• Attaching monetary value to a draft pick: A first-round pick is worth between $20 million and $40 million, and a second-round pick is worth between $15 million and $20 million.
• A blueprint for how teams should approach the draft: Focus on defensive linemen, wide receivers, offensive tackles and cornerbacks on the first two days and try to find other positions with upside on Day 3.
• The Loser's Curse: Without taking a quarterback, the team drafting at No. 1 loses out on surplus value due to the high contract value.
Estimated reading time: 18 minutes
In the modern NFL, a team typically has to handle and optimize three types of assets when it comes to fielding the best possible roster over several years: their collection of players under contract, their cap space and their draft capital.
In the offseason, these three assets are converted into each other:
- Drafting a player turns draft capital into a player under contract
- Trading for a player turns draft capital and cap space into a player under contract
- Signing a player turns cap space into a player under contract
- Trading a player to another team turns a player under contract into cap space and draft capital
- Releasing a player turns a player under contract into cap space
- Not re-signing a player in free agency turns a player under contract into cap space and potentially draft capital (through compensatory picks)
- Trading draft picks for other draft picks turns draft capital into draft capital
If a front office wants to make decisions based on analytical (or any form of) evidence, these three types of assets have to be put on the same scale. Typically, we use either cap dollars or wins (which can be translated into each other through a fairly simple heuristic because we know the total number of wins in a season and the total salary cap in the league) for that common scale. Using cap dollars has the advantage that one of those three assets is already on the same scale, so we would be left with estimating the value of players and draft picks in cap dollars.
Ironically, the hardest among those two tasks is the one that happens every year in free agency: evaluating players in terms of cap dollars. Teams are doing just that all the time, and yet we have to accept that the uncertainty is fairly huge, as those teams often get it wrong. Evaluating a player’s talent level is hard enough, but evaluating how that talent translates to on-field value for a certain team with a certain scheme and certain players around him is even more challenging. This is why mistakes such as the Kenny Golladay contract or — on the opposite end of the spectrum — Shaquil Barrett signing for $4 million dollars happen each year. The latter wasn’t a mistake by the signing team; it was a mistake by the other 31 franchises.
It’s safe to say that estimating the value of individual players will remain a fluent task without a final solution — neither with analytical methods nor with traditional scouting methods, and likely also not with the combination of both. Nevertheless, getting closer to the truth is, of course, valuable.

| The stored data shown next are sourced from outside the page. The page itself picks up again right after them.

text \<open>An edge inside a branch set would be unused, so connectivity forces the branch set to be a
  singleton.\<close>

lemma model_onto_edges_singleton:
  assumes G: "multigraph G" and M: "model G H \<beta> \<eta>" and onto: "\<eta> ` edges G = edges H"
    and v: "v \<in> verts G"
  obtains r where "\<beta> v = {r}"
proof -
  have "\<exists>r. \<beta> v = {r}"
  proof (rule ccontr)
    assume "\<nexists>r. \<beta> v = {r}"
    with model_nonempty[OF M v] obtain a b where ab: "a \<in> \<beta> v" "b \<in> \<beta> v" "a \<noteq> b"
      by blast
    have "(adj H (\<beta> v))\<^sup>*\<^sup>* a b"
      using model_conn[OF M v] ab unfolding conn_def by blast
    then obtain c d where "adj H (\<beta> v) c d"
      using ab(3) by (induction rule: rtranclp_induct) auto
    then obtain f where "f \<in> edges H" "ends H f = {c, d}" "c \<in> \<beta> v" "d \<in> \<beta> v"
      unfolding adj_def by blast
    then have "f \<notin> \<eta> ` edges G"
      using model_edge_inside_branch_set[OF G M v] by simp
    with \<open>f \<in> edges H\<close> onto show False
      by simp
  qed
  then show ?thesis
    using that by blast
qed

lemma model_onto_graph_iso:
  assumes G: "multigraph G" and M: "model G H \<beta> \<eta>"
    and onto: "\<eta> ` edges G = edges H" "(\<Union>v\<in>verts G. \<beta> v) = verts H"
  shows "graph_iso H G"
proof -
  define r where "r v = the_elem (\<beta> v)" for v
  have \<beta>_r: "\<beta> v = {r v}" if v: "v \<in> verts G" for v
  proof -
    obtain r0 where "\<beta> v = {r0}"
      using model_onto_edges_singleton[OF G M onto(1) v] .
    then show ?thesis
      unfolding r_def by simp
  qed
  have "graph_iso_by G H r \<eta>"
    unfolding graph_iso_by_def
  proof (intro conjI ballI)
    have "inj_on r (verts G)"
    proof (rule inj_onI, rule ccontr)
      fix x y assume "x \<in> verts G" "y \<in> verts G" "r x = r y" "x \<noteq> y"
      then have "{r x} \<inter> {r y} = {}"
        using model_disjoint[OF M] \<beta>_r by metis
      with \<open>r x = r y\<close> show False
        by simp
    qed
    moreover have "(\<Union>v\<in>verts G. \<beta> v) = (\<Union>v\<in>verts G. {r v})"
      using \<beta>_r by (rule SUP_cong[OF refl])
    then have "r ` verts G = verts H"
      using onto(2) by (simp add: UNION_singleton_eq_range)
    ultimately show "bij_betw r (verts G) (verts H)"
      unfolding bij_betw_def by blast
    show "bij_betw \<eta> (edges G) (edges H)"
      using model_inj[OF M] onto(1) unfolding bij_betw_def by blast
  next
    fix e assume e: "e \<in> edges G"
    then have "ends G e \<subseteq> verts G"
      by (rule multigraphD(1)[OF G])
    then have "(\<Union>x\<in>ends G e. \<beta> x) = r ` ends G e"
      using \<beta>_r by (auto simp: subset_iff)
    then have "ends H (\<eta> e) \<subseteq> r ` ends G e"
      using model_within[OF M e] by simp
    moreover have "r ` ends G e \<subseteq> ends H (\<eta> e)"
      using model_meets[OF M e] \<beta>_r \<open>ends G e \<subseteq> verts G\<close> by fastforce
    ultimately show "ends H (\<eta> e) = r ` ends G e" ..
  qed
  then have "graph_iso_by H G (inv_into (verts G) r) (inv_into (edges G) \<eta>)"
    by (rule graph_iso_by_inv) (use G in \<open>simp add: multigraph_def\<close>)
  then show ?thesis
    unfolding graph_iso_iff by blast
qed

lemma model_unused_edge_minor_step:
  assumes G: "multigraph G" and H: "multigraph H" and M: "model G H \<beta> \<eta>"
    and f: "f \<in> edges H" "f \<notin> \<eta> ` edges G"
  obtains K \<beta>' where "minor_step H K" "model G K \<beta>' \<eta>"
    "card (verts K) + card (edges K) < card (verts H) + card (edges H)"
proof -
  have fin: "finite (verts H)" "finite (edges H)"
    using H unfolding multigraph_def by blast+
  have fewer_edges: "card (edges H - {f}) < card (edges H)"
    using fin(2) f(1) by (rule card_Diff1_less)
  show ?thesis
  proof (cases "\<exists>v\<in>verts G. ends H f \<subseteq> \<beta> v \<and> (\<forall>g\<in>edges H. g \<noteq> f \<longrightarrow> ends H g \<noteq> ends H f)")
    case True
    then obtain v where v: "v \<in> verts G" "ends H f \<subseteq> \<beta> v"
      and no_parallel: "\<forall>g\<in>edges H. g \<noteq> f \<longrightarrow> ends H g \<noteq> ends H f"
      by blast
    obtain a b where ab: "ends H f = {a, b}" "a \<noteq> b"
      using multigraphD(2)[OF H f(1)] by blast
    have "b \<in> verts H"
      using multigraphD(1)[OF H f(1)] ab(1) by blast
    then have "card (verts H - {b}) < card (verts H)"
      using fin(1) by (rule card_Diff1_less[rotated])
    then have "card (verts (contract_edge H f a b)) + card (edges (contract_edge H f a b))
        < card (verts H) + card (edges H)"
      unfolding contract_edge_simps using fewer_edges by (rule add_strict_mono)
    moreover have "minor_step H (contract_edge H f a b)"
      unfolding minor_step_iff using f(1) ab no_parallel by blast
    moreover have "model G (contract_edge H f a b) (\<beta>(v := \<beta> v - {b})) \<eta>"
      using model_contract_edge[OF G M f(1) ab(1) ab(2) v(1)] v(2) ab(1) by simp
    ultimately show ?thesis
      using that by blast
  next
    case False
    then have "model G (delete_edge H f) \<beta> \<eta>"
      using model_delete_edge[OF M f(2)] by blast
    moreover have "minor_step H (delete_edge H f)"
      unfolding minor_step_iff using f(1) by blast
    moreover have "card (verts (delete_edge H f)) + card (edges (delete_edge H f))
        < card (verts H) + card (edges H)"
      using fewer_edges by simp
    ultimately show ?thesis
      using that by blast
  qed
qed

In this article, however, we will once more focus on the easier part: the translation of draft capital onto the scale of cap dollars. In other words, what is the value of draft picks?
A new method to compute the value of a draft pick
We already discussed and analyzed this topic last year and the year before that, coming up with similar results using two different methods. Since then, my method has been applied by other analysts in the industry, including Ben Baldwin and Kevin Cole. I want to revisit this a third time with a different method: a fairly simple heuristic.
We'll use the same definition of the (surplus) value of a draft pick — the on-field value of a drafted player during his rookie contract minus the cost of his rookie contract. The cost of the rookie contract is determined by the rookie wage scale, so our job is to estimate the on-field value of a drafted player during their rookie contract. In our past analysis on draft value, we did this by looking at the value each draft pick added in terms of PFF WAR or in terms of the veteran contract that their performance would cost on the market. This time, we will use a simple heuristic and deductive reasoning to come up with a framework to compute the value of a draft pick with the help of a given draft chart, no matter on which scale it is.
We are starting with a simple observation: Every year, the total value of NFL players converted to cap dollars is equal to the total money spent on all NFL players. That’s basically true by definition in a league with a hard salary cap. Over a suitable period of time, the total money spent on NFL players is just 32 times the salary cap. Since the salary cap grows over time, it makes sense to use percentage of the salary cap as the unit for computations and then translate it to actual cap dollars by using the salary cap in a given year. In other words, the total annual on-field value of all players in the NFL is 32 multiplied by 100% of the cap number, which gives us 3200% of the cap.
Which fraction of the value comes from players on rookie contracts? Since the introduction of the rookie wage scale, the number of snaps from players on rookie contracts has increased, but it is fairly stable in the past four years, as the following chart shows.
The number of snaps gives us a fairly accurate estimate of the value produced by players under rookie contracts. Of course, not every player under a rookie contract produces the same value per snap, but the same is true for veterans, too. Hence, if the distribution of good and bad players among young players and veterans is the same, the total snap count would be a perfect proxy for the total value.
In reality, that’s not quite true, since the rookie wage scale plus the fact that young players are supposed to grow on the field gives teams an incentive to play a rookie even if a veteran would be better at present. Hence, unsurprisingly, the total fraction of PFF WAR generated by drafted players under rookie contracts is just a bit lower than the fraction of snaps. However, with the exception of a few outlier years, the difference is not stark. And just like for snaps, the fraction has somewhat stabilized in the past four years.